5-year-old girl diagnosed with rare heart condition awaits critical surgery and transplant at CHOP
5-Year-Old Melony Hunter awaits critical heart surgery and transplant
Melony Hunter, a 5-year-old girl, is preparing for surgery to address a serious heart condition. Her parents are seeking prayers and support as they navigate this challenging time at the Children's Hospital of Philadelphia (CHOP).
PHILADELPHIA - A 5-year-old girl named Melony Hunter is facing a daunting medical journey as she prepares for surgery to address a serious heart condition.
Her parents, Deyonte and Ashley, are seeking prayers and support as they navigate this challenging time at the Children's Hospital of Philadelphia (CHOP).
What we know:
Melony Hunter was recently diagnosed with restrictive cardiomyopathy, a rare and incurable heart condition.
Her journey began two weeks ago when a routine check-up led to an urgent referral to the emergency room.
Doctors at Cooper Hospital quickly sent her to CHOP for further evaluation. After multiple tests, it was determined that Melony would need a heart transplant.
However, before she can undergo the transplant, she is scheduled for a ventricular assist device (VAD) surgery on Wednesday.
This procedure aims to help her heart function by using a device to manage fluid levels and alleviate pulmonary hypertension.
What they're saying:
Melony's father, Deyonte Hunter, expressed the emotional turmoil of the situation.
"One day you’re watching your child run, play, laugh, love; next you’re in the midst of the toughest battle of her life.

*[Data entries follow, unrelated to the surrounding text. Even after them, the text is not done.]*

definition interleaved :: "real set \<Rightarrow> real set \<Rightarrow> bool" where
  "interleaved C1 C2 = (\<not> in_gap C1 C2 \<and> \<not> in_gap C2 C1)"

(* Hausdorff distance (meaningful for nonempty compact sets) *)
definition hausdorff_dist :: "real set \<Rightarrow> real set \<Rightarrow> real" where
  "hausdorff_dist A B = max (SUP a\<in>A. infdist a B) (SUP b\<in>B. infdist b A)"

definition strongly_interleaved :: "real \<Rightarrow> real set \<Rightarrow> real set \<Rightarrow> bool" where
  "strongly_interleaved \<epsilon> A B =
     (\<forall>A' B'. compact A' \<and> compact B' \<and> A' \<noteq> {} \<and> B' \<noteq> {}
        \<and> hausdorff_dist A A' \<le> \<epsilon> \<and> hausdorff_dist B B' \<le> \<epsilon>
        \<longrightarrow> interleaved A' B')"

end

theory Submission
  imports Defs
begin

text \<open>Put \<open>r = 1/q\<^sub>k\<close>, so that \<open>r + \<dots> + r^k = 1\<close> and \<open>1/2 < r < 10/19\<close>, and let
  \<open>\<epsilon> = r^(2k+4)\<close>.  The first set lies in \<open>[1, 1 + r/(1-r)]\<close> and contains both endpoints
  (the constant sequences lie in \<open>S\<^sub>k\<^sub>-\<^sub>1\<close>).  The map \<open>g\<close> sends \<open>\<pi>(a)\<close> to \<open>1 + r^k (\<pi>(a) - 1)\<close>,
  and \<open>\<pi>(a) \<ge> 1 + r^(k+2)\<close> for \<open>a \<in> A\<close> (its digits \<open>1, \<dots>, k\<close> and \<open>k+2\<close> are \<open>1\<close>), so the
  second set stays \<open>2\<epsilon>\<close> inside that interval.  Moreover the point \<open>1 + \<pi>(0^(2k) (10)^\<infinity>)\<close>
  of the first set lies \<open>2\<epsilon>\<close>-deep between the images of the least and the greatest
  element of \<open>A\<close>.  Perturbations by at most \<open>\<epsilon>\<close> preserve both configurations, so neither
  perturbed set fits into a gap of the other.\<close>

section \<open>The constant \<open>q\<^sub>k\<close>\<close>

lemma sum_inverse_powers_eq_1_iff:
  fixes x :: real
  assumes "x \<noteq> 0"
  shows "x ^ k - (\<Sum>j<k. x ^ j) = 0 \<longleftrightarrow> (\<Sum>j<k. inverse x ^ Suc j) = 1"
proof -
  have "(\<Sum>j<k. x ^ j) = (\<Sum>i<k. x ^ (k - Suc i))"
    by (rule sum.nat_diff_reindex[symmetric])
  also have "\<dots> = x ^ k * (\<Sum>i<k. inverse x ^ Suc i)"
    unfolding sum_distrib_left
    by (rule sum.cong) (use assms in \<open>auto simp: power_diff power_inverse field_simps\<close>)
  finally show ?thesis using assms by auto
qed

lemma sum_powers_eq_imp_eq:
  fixes r s :: real
  assumes "0 \<le> r" "0 \<le> s" "0 < k" "(\<Sum>j<k. r ^ Suc j) = (\<Sum>j<k. s ^ Suc j)"
  shows "r = s"
proof -
  have mono: "(\<Sum>j<k. a ^ Suc j) < (\<Sum>j<k. b ^ Suc j)" if "0 \<le> a" "a < b" for a b :: real
    by (rule sum_strict_mono) (use that assms(3) in \<open>auto intro!: power_strict_mono simp del: power_Suc\<close>)
  show "r = s" using mono[of r s] mono[of s r] assms by (cases r s rule: linorder_cases) auto
qed

lemma qk_root:
  assumes "2 \<le> k"
  shows "1 < qk k" "qk k < 2" "(\<Sum>j<k. inverse (qk k) ^ Suc j) = 1"
proof -
  define p where "p x = x ^ k - (\<Sum>j<k. x ^ j)" for x :: real
  have "p 1 < 0" using assms by (simp add: p_def)
  moreover have "p 2 = 1" by (simp add: p_def geometric_sum)
  moreover have "continuous_on {1..2} p" unfolding p_def by (intro continuous_intros)
  ultimately obtain x where x: "1 \<le> x" "x \<le> 2" "p x = 0"
    using IVT'[of p 1 0 2] by force
  moreover have "x \<noteq> 1" "x \<noteq> 2" using x(3) \<open>p 1 < 0\<close> \<open>p 2 = 1\<close> by auto
  ultimately have root: "1 < x \<and> x < 2 \<and> p x = 0" by auto
  have sum_1: "(\<Sum>j<k. inverse z ^ Suc j) = 1" if "1 < z" "p z = 0" for z
    using sum_inverse_powers_eq_1_iff[of z k] that by (simp add: p_def)
  have unique: "y = x" if "1 < y \<and> y < 2 \<and> p y = 0" for y
    using sum_powers_eq_imp_eq[of "inverse y" "inverse x" k] sum_1[of x] sum_1[of y] root that assms
    by simp
  have "\<exists>!y. 1 < y \<and> y < 2 \<and> p y = 0" using root unique by blast
  then have "1 < qk k \<and> qk k < 2 \<and> p (qk k) = 0"
    unfolding qk_def p_def by (rule theI')
  then show "1 < qk k" "qk k < 2" "(\<Sum>j<k. inverse (qk k) ^ Suc j) = 1"
    using sum_inverse_powers_eq_1_iff[of "qk k" k] by (auto simp: p_def)
qed
(* In the setting described in the context, assume $G$ satisfies Condition 1. Then for every $r\ge0$, at least $\max\{sp(\mathbf{A}),f+1\}$ columns of $\Phi(r+\nu-1,r)$ are lower bounded component-wise by $\beta^{\nu}\mathbf{1}$, where $\mathbf{1}\in\mathbb{R}^{n-\phi}$ is the all-ones column vector.
   Context: A synchronous system of $n$ agents communicates over a directed graph $G=(\mathcal{V},\mathcal{E})$, $\mathcal{V}=\{1,\dots,n\}$, without self-loops; $N_i^-=\{j:(j,i)\in\mathcal{E}\}$. At most $f$ agents are Byzantine faulty (may send arbitrary, possibly inconsistent values); $\mathcal{F}$ is the set of faulty agents, $\phi=|\mathcal{F}|\le f$, and the non-faulty agents are indexed $1,\dots,n-\phi$. An assignment matrix $\mathbf{A}\in\mathbb{R}^{k\times n}$ has nonnegative entries and columns summing to $1$; agent $i$ holds $g_i=\sum_{j=1}^k\mathbf{A}_{ji}h_j$ for admissible (convex, $L$-Lipschitz, nonempty compact argmin) $h_1,\dots,h_k:\mathbb{R}\to\mathbb{R}$. Sparsity parameter $sp(\mathbf{A})$: smallest $s$ such that the sum of any $s$ columns of $\mathbf{A}$ is component-wise positive ($n+1$ if the sum of all columns is not). Reduced graph w.r.t. $\mathcal{F}$: subgraph of $G$ obtained by removing the nodes of $\mathcal{F}$ with their edges and then removing up to $f$ additional incoming edges at each remaining node; $R_{\mathcal{F}}$ is the (finite) set of all reduced graphs and $\tau=|R_{\mathcal{F}}|$. A source component of a graph is the set of its nodes each having a directed path to every other node of the graph. Condition 1: for every $\mathcal{F}'\subseteq\mathcal{V}$ with $|\mathcal{F}'|\le f$, every reduced graph w.r.t. $\mathcal{F}'$ has a source component with at least $\max\{f+1,sp(\mathbf{A})\}$ nodes. Algorithm 2 (run by non-faulty agents, step sizes $\alpha(t)$): arbitrary $x_i(0)$; in iteration $t\ge1$ agent $i$ sends $x_i(t-1)$ to all out-neighbors, receives a multiset of $|N_i^-|$ values (a default value replacing any missing message), discards the $f$ smallest and $f$ largest values (ties broken arbitrarily), lets $N_i^*(t)$ be the senders of the remaining values with $w_j$ the value from $j$, sets $w_i=x_i(t-1)$, and updates $x_i(t)=\frac{1}{|N_i^*(t)|+1}\sum_{j\in\{i\}\cup N_i^*(t)}w_j-\alpha(t-1)d_i(t-1)$, with $d_i(t-1)$ a (sub)gradient of $g_i$ at $x_i(t-1)$. Known matrix representation: with $\mathbf{x}(t)\in\mathbb{R}^{n-\phi}$ the vector of non-faulty states and $\mathbf{d}(t)$ the vector of the $d_i(t)$, one has $\mathbf{x}(t+1)=\mathbf{M}(t)\mathbf{x}(t)-\alpha(t)\mathbf{d}(t)$ for row-stochastic $(n-\phi)\times(n-\phi)$ matrices $\mathbf{M}(t)$ (depending on the execution), and there is a constant $0<\beta<1$ such that for every $t$ there is a reduced graph $\mathcal{H}(t)\in R_{\mathcal{F}}$ whose adjacency matrix $\mathbf{H}(t)$ (with $\mathbf{H}_{ij}(t)=1$ if $i=j$ or $(j,i)$ is an edge of $\mathcal{H}(t)$, and $0$ otherwise) satisfies $\mathbf{M}(t)\ge\beta\mathbf{H}(t)$ entrywise. Define $\Phi(t,r)=\mathbf{M}(t)\mathbf{M}(t-1)\cdots\mathbf{M}(r)$ for $t\ge r$, and $\nu=\tau(n-\phi)$. *)

theory Defs
  imports Complex_Main
begin

text \<open>A directed graph is given by its edge set E :: (nat \<times> nat) set,
  where (j,i) \<in> E means an edge from j to i. Matrices are functions nat \<Rightarrow> nat \<Rightarrow> real;
  the (n-phi)x(n-phi) matrices on the non-faulty agents are indexed directly by the set
  NF = {1..n} - F of non-faulty agents (a relabelling of 1..n-phi).\<close>

definition agents :: "nat \<Rightarrow> nat set" where
  "agents n = {1..n}"

definition digraph :: "nat \<Rightarrow> (nat \<times> nat) set \<Rightarrow> bool" where
  "digraph n E \<longleftrightarrow> E \<subseteq> agents n \<times> agents n \<and> (\<forall>i. (i, i) \<notin> E)"

definition assignment_matrix :: "nat \<Rightarrow> nat \<Rightarrow> (nat \<Rightarrow> nat \<Rightarrow> real) \<Rightarrow> bool" where
  "assignment_matrix k n A \<longleftrightarrow>
     (\<forall>j\<in>{1..k}. \<forall>i\<in>{1..n}. A j i \<ge> 0) \<and> (\<forall>i\<in>{1..n}. (\<Sum>j\<in>{1..k}. A j i) = 1)"

definition sp :: "nat \<Rightarrow> nat \<Rightarrow> (nat \<Rightarrow> nat \<Rightarrow> real) \<Rightarrow> nat" where
  "sp k n A = (if (\<forall>j\<in>{1..k}. (\<Sum>i\<in>{1..n}. A j i) > 0)
      then (LEAST s. \<forall>S. S \<subseteq> {1..n} \<and> card S = s \<longrightarrow> (\<forall>j\<in>{1..k}. (\<Sum>i\<in>S. A j i) > 0))
      else n + 1)"

text \<open>A reduced graph is
  represented by its edge set (its node set is always agents n - F).\<close>
definition reduced_graph :: "nat \<Rightarrow> (nat \<times> nat) set \<Rightarrow> nat \<Rightarrow> nat set \<Rightarrow> (nat \<times> nat) set \<Rightarrow> bool" where
  "reduced_graph n E f F H \<longleftrightarrow>
     H \<subseteq> {(j, i) \<in> E. j \<notin> F \<and> i \<notin> F} \<and>
     (\<forall>i \<in> agents n - F. card ({j. (j, i) \<in> E \<and> j \<notin> F} - {j. (j, i) \<in> H}) \<le> f)"

definition reduced_graphs :: "nat \<Rightarrow> (nat \<times> nat) set \<Rightarrow> nat \<Rightarrow> nat set \<Rightarrow> (nat \<times> nat) set set" where
  "reduced_graphs n E f F = {H. reduced_graph n E f F H}"

definition source_component :: "nat set \<Rightarrow> (nat \<times> nat) set \<Rightarrow> nat set" where
  "source_component W H = {s \<in> W. \<forall>v \<in> W. (s, v) \<in> H\<^sup>*}"

definition condition1 :: "nat \<Rightarrow> (nat \<times> nat) set \<Rightarrow> nat \<Rightarrow> nat \<Rightarrow> (nat \<Rightarrow> nat \<Rightarrow> real) \<Rightarrow> bool" where
  "condition1 n E f k A \<longleftrightarrow>
     (\<forall>F'. F' \<subseteq> agents n \<and> card F' \<le> f \<longrightarrow>
        (\<forall>H \<in> reduced_graphs n E f F'.
           card (source_component (agents n - F') H) \<ge> max (f + 1) (sp k n A)))"

definition adj :: "(nat \<times> nat) set \<Rightarrow> nat \<Rightarrow> nat \<Rightarrow> real" where
  "adj H i j = (if i = j \<or> (j, i) \<in> H then 1 else 0)"

definition row_stochastic :: "nat set \<Rightarrow> (nat \<Rightarrow> nat \<Rightarrow> real) \<Rightarrow> bool" where
  "row_stochastic N P \<longleftrightarrow> (\<forall>i\<in>N. (\<forall>j\<in>N. P i j \<ge> 0) \<and> (\<Sum>j\<in>N. P i j) = 1)"

fun mprod :: "(nat \<Rightarrow> nat \<Rightarrow> nat \<Rightarrow> real) \<Rightarrow> nat set \<Rightarrow> nat \<Rightarrow> nat \<Rightarrow> nat \<Rightarrow> nat \<Rightarrow> real" where
  "mprod M N r 0 = M r"
| "mprod M N r (Suc m) = (\<lambda>i j. \<Sum>l\<in>N. M (r + Suc m) i l * mprod M N r m l j)"
lemma lower_comparison_step_deriv_neg:
  fixes x :: real
  assumes "x \<ge> 1"
  shows "1 / (2 * x^2 * (x + 1)^2) - 100 * (24 * x^5 + x) / (120 * x^4 + 12 * x^2 - 5)^2
           + 100 * (24 * (x + 1)^5 + (x + 1)) / (120 * (x + 1)^4 + 12 * (x + 1)^2 - 5)^2 < 0"
proof -
  \<comment> \<open>In \<open>y = x - 1\<close> the numerator is minus a polynomial with positive coefficients.\<close>
  define y where "y = x - 1"
  have x: "x = y + 1" and "y \<ge> 0" using assms by (simp_all add: y_def)
  define w c d p q where "w = x^2 * (x + 1)^2"
    and "c = 24 * x^5 + x" and "d = 24 * (x + 1)^5 + (x + 1)"
    and "p = (120 * x^4 + 12 * x^2 - 5)^2" and "q = (120 * (x + 1)^4 + 12 * (x + 1)^2 - 5)^2"
  have "1 \<le> x^2" "1 \<le> x^4" "1 \<le> (x + 1)^2" "1 \<le> (x + 1)^4"
    using assms by (simp_all add: one_le_power)
  then have "120 * x^4 + 12 * x^2 - 5 > 0" "120 * (x + 1)^4 + 12 * (x + 1)^2 - 5 > 0"
    by linarith+
  then have pos: "w > 0" "p > 0" "q > 0" using assms by (simp_all add: w_def p_def q_def)
  have "p * q - 200 * w * (c * q - d * p)
    = - (4980927399 + 36552136944 * y + 120162725512 * y^2 + 233992194000 * y^3
         + 300402249784 * y^4 + 267681162240 * y^5 + 169795529088 * y^6 + 77456233728 * y^7
         + 25420350144 * y^8 + 5959526400 * y^9 + 978946560 * y^10 + 105753600 * y^11
         + 5875200 * y^12)"
    unfolding w_def c_def d_def p_def q_def x by algebra
  also have "\<dots> < 0"
    unfolding neg_less_0_iff_less
    by (intro add_pos_nonneg mult_nonneg_nonneg zero_le_power) (simp_all add: \<open>y \<ge> 0\<close>)
  finally have "(p * q - 200 * w * (c * q - d * p)) / (2 * w * p * q) < 0"
    using pos by (simp add: divide_neg_pos)
  also have "(p * q - 200 * w * (c * q - d * p)) / (2 * w * p * q)
               = 1 / (2 * w) - 100 * c / p + 100 * d / q"
    using pos by (simp add: field_simps)
  finally show ?thesis by (simp add: w_def c_def d_def p_def q_def mult.assoc)
qed

lemma R_lower_bound:
  assumes "n \<ge> 1"
  shows "- 1 / (12 * real n ^ 2 + 6 / 5 - 1 / (2 * real n ^ 2)) < R n"
proof -
  have "R n + 10 * real n ^ 2 / (120 * real n ^ 4 + 12 * real n ^ 2 - 5) > 0"
  proof (rule R_plus_pos_if_step_deriv_neg[OF lower_comparison_deriv _ _ assms])
    show "1 / (2 * x^2 * (x + 1)^2) + - (100 * (24 * x^5 + x) / (120 * x^4 + 12 * x^2 - 5)^2)
            - - (100 * (24 * (x + 1)^5 + (x + 1)) / (120 * (x + 1)^4 + 12 * (x + 1)^2 - 5)^2) < 0"
      if "x \<ge> 1" for x :: real
      unfolding add_uminus_conv_diff diff_minus_eq_add by (rule lower_comparison_step_deriv_neg[OF that])
    show "((\<lambda>x::real. 10 * x^2 / (120 * x^4 + 12 * x^2 - 5)) \<longlongrightarrow> 0) at_top"
      by real_asymp
  qed
  moreover have "10 * real n ^ 2 / (120 * real n ^ 4 + 12 * real n ^ 2 - 5)
                   = 1 / (12 * real n ^ 2 + 6 / 5 - 1 / (2 * real n ^ 2))"
    using assms by (simp add: field_simps eval_nat_numeral)
  ultimately show ?thesis by simp
qed

lemma R_1: "R 1 = 1 / 2 - euler_mascheroni"
  by (simp add: R_def H_def)

lemma ln_2_le: "ln (2 :: real) \<le> 6932 / 10000"
  using ln_approx_bounds[of 2 3] by (simp add: eval_nat_numeral)

text \<open>The library bound \<open>\<gamma> > 19/33\<close> does not give \<open>a \<le> 43/40\<close>; the upper bound at \<open>n = 2\<close> does.\<close>

lemma euler_mascheroni_gt_5771: "(euler_mascheroni :: real) > 5771 / 10000"
proof -
  have "H 2 = 3 / 2" by (simp add: H_def eval_nat_numeral)
  then have "R 2 = 5 / 4 - ln 2 - euler_mascheroni" by (simp add: R_def)
  with R_upper_bound[of 2] ln_2_le show ?thesis by simp
qed

definition lower_bound_constant :: real where
  "lower_bound_constant = 2 * (7 - 12 * euler_mascheroni) / (2 * euler_mascheroni - 1)"

lemma lower_bound_constant_eq: "12 + lower_bound_constant = 2 / (2 * euler_mascheroni - 1)"
proof -
  have "2 * euler_mascheroni - 1 \<noteq> (0 :: real)"
    using euler_mascheroni_gt_5771 by simp
  then show ?thesis by (simp add: lower_bound_constant_def field_simps)
qed

lemma R_1_eq_lower_bound: "R 1 = - 1 / (12 + lower_bound_constant)"
  unfolding R_1 lower_bound_constant_eq by (simp add: field_simps)

lemma lower_bound_constant_gt: "12 + lower_bound_constant > 0"
  unfolding lower_bound_constant_eq using euler_mascheroni_gt_5771 by simp

lemma lower_bound_constant_le: "lower_bound_constant \<le> 43 / 40"
  using euler_mascheroni_gt_5771 by (simp add: lower_bound_constant_def divide_simps)

lemma R_gt_lower_bound:
  assumes "n \<ge> 2"
  shows "- 1 / (12 * real n ^ 2 + lower_bound_constant) < R n"
proof -
  have "4 \<le> real n ^ 2" using assms power_mono[of 2 "real n" 2] by simp
  then have "1 / (2 * real n ^ 2) \<le> 1 / 8" by (simp add: divide_simps)
  then have "0 < 12 * real n ^ 2 + lower_bound_constant"
    and "12 * real n ^ 2 + lower_bound_constant \<le> 12 * real n ^ 2 + 6 / 5 - 1 / (2 * real n ^ 2)"
    using lower_bound_constant_gt lower_bound_constant_le \<open>4 \<le> real n ^ 2\<close> by linarith+
  then have "- 1 / (12 * real n ^ 2 + lower_bound_constant)
               \<le> - 1 / (12 * real n ^ 2 + 6 / 5 - 1 / (2 * real n ^ 2))"
    by (intro divide_left_mono_neg mult_pos_pos) auto
  with R_lower_bound[of n] assms show ?thesis by simp
qed

lemma lower_bound_constant_optimal:
  assumes "c > lower_bound_constant"
  shows "\<not> (\<forall>n::nat. n \<ge> 1 \<longrightarrow> - 1 / (12 * real n ^ 2 + c) \<le> R n)"
proof
  assume "\<forall>n::nat. n \<ge> 1 \<longrightarrow> - 1 / (12 * real n ^ 2 + c) \<le> R n"
  then have "- 1 / (12 * real 1 ^ 2 + c) \<le> R 1" by blast
  then have "- 1 / (12 + c) \<le> - 1 / (12 + lower_bound_constant)"
    unfolding R_1_eq_lower_bound by simp
  moreover have "- 1 / (12 + lower_bound_constant) < - 1 / (12 + c)"
    using lower_bound_constant_gt assms by (intro divide_strict_left_mono_neg mult_pos_pos) auto
  ultimately show False by simp
qed

lemma R_eventually_gt:
  assumes "b < 6 / 5"
  shows "eventually (\<lambda>n. - 1 / (12 * real n ^ 2 + b) < R n) sequentially"
proof -
  have "eventually (\<lambda>n. 1 / (2 * real n ^ 2) < 6 / 5 - b) sequentially"
    using assms by real_asymp
  moreover have "eventually (\<lambda>n. 12 * real n ^ 2 + b > 0) sequentially"
    by real_asymp
  ultimately show ?thesis using eventually_ge_at_top[of 1]
  proof eventually_elim
    case (elim n)
    then have "- 1 / (12 * real n ^ 2 + b) < - 1 / (12 * real n ^ 2 + 6 / 5 - 1 / (2 * real n ^ 2))"
      by (intro divide_strict_left_mono_neg mult_pos_pos) auto
    with R_lower_bound[OF \<open>n \<ge> 1\<close>] show ?case by simp
  qed
qed

lemma upper_bound_constant_optimal:
  assumes "b < 6 / 5"
  shows "\<not> (\<forall>n::nat. n \<ge> 1 \<longrightarrow> R n < - 1 / (12 * real n ^ 2 + b))"
proof
  assume upper: "\<forall>n::nat. n \<ge> 1 \<longrightarrow> R n < - 1 / (12 * real n ^ 2 + b)"
  obtain N where N: "\<forall>n \<ge> N. - 1 / (12 * real n ^ 2 + b) < R n"
    using R_eventually_gt[OF assms] by (auto simp: eventually_sequentially)
  have "- 1 / (12 * real (Suc N) ^ 2 + b) < R (Suc N)"
    using N[rule_format, of "Suc N"] by simp
  moreover have "R (Suc N) < - 1 / (12 * real (Suc N) ^ 2 + b)"
    using upper[rule_format, of "Suc N"] by simp
  ultimately show False by linarith
qed

theorem theorem1:
  defines "a \<equiv> 2 * (7 - 12 * (euler_mascheroni::real)) / (2 * euler_mascheroni - 1)"
  shows "(\<forall>n::nat. n \<ge> 1 \<longrightarrow>
            - 1 / (12 * real n ^ 2 + a) \<le> R n \<and> R n < - 1 / (12 * real n ^ 2 + 6 / 5))
       \<and> (\<forall>n::nat. n \<ge> 1 \<longrightarrow> (R n = - 1 / (12 * real n ^ 2 + a) \<longleftrightarrow> n = 1))
       \<and> (\<forall>a'::real. a' > a \<longrightarrow>
            \<not> (\<forall>n::nat. n \<ge> 1 \<longrightarrow> - 1 / (12 * real n ^ 2 + a') \<le> R n))
       \<and> (\<forall>b'::real. b' < 6 / 5 \<longrightarrow>
            \<not> (\<forall>n::nat. n \<ge> 1 \<longrightarrow> R n < - 1 / (12 * real n ^ 2 + b')))"
proof -
  have a: "a = lower_bound_constant"
    unfolding a_def lower_bound_constant_def ..
  have equality: "R n = - 1 / (12 * real n ^ 2 + a) \<longleftrightarrow> n = 1" if "n \<ge> 1" for n
    using R_1_eq_lower_bound R_gt_lower_bound[of n] that unfolding a by (cases "n = 1") auto
  have "- 1 / (12 * real n ^ 2 + a) \<le> R n" if "n \<ge> 1" for n
    using equality[OF that] R_gt_lower_bound[of n] that unfolding a by (cases "n = 1") auto
  with R_upper_bound equality show ?thesis
    unfolding a using lower_bound_constant_optimal upper_bound_constant_optimal by blast
qed

end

She’s fighting something way bigger, way beyond her strength," said Hunter.
Her mother, Ashley Rivera, shared the shock of the diagnosis.
"I had scheduled a routine visit for all three of my kids. I took them in—my son, the baby. The doctor got to Melony, listened to her lungs. She said, 'Oh no, mom, you need to rush her straight to the ER," said Rivera.
Dr. Mike Cirigliano from Penn Medicine explained the upcoming procedure.
"VAS is a surgery, a device—to let her heart take a break while the machine does most of the work and allows the CVP, the fluid, to go down. That hopes and helps. And then hopefully a transplant," said Dr. Mike.
What's next:
Melony's parents are holding onto hope and faith as they await the VAD surgery on Wednesday.
Ashley expressed her wish to alleviate her daughter's pain.
"I wish I could give her my heart, you know, and take the pain away. She keeps looking at me like, 'Why are we here?' She wants to go home and watch SpongeBob," said the mom.
The family is hopeful that the surgery will go well and that Melony will be placed on the transplant list soon after.
What you can do:
The Hunter family has set up a GoFundMe page to help with medical expenses and support during this difficult time.
Melony's story is a poignant reminder of the strength and resilience required in the face of adversity.
Her parents continue to rely on their faith and the expertise of the medical team at CHOP as they navigate the path ahead.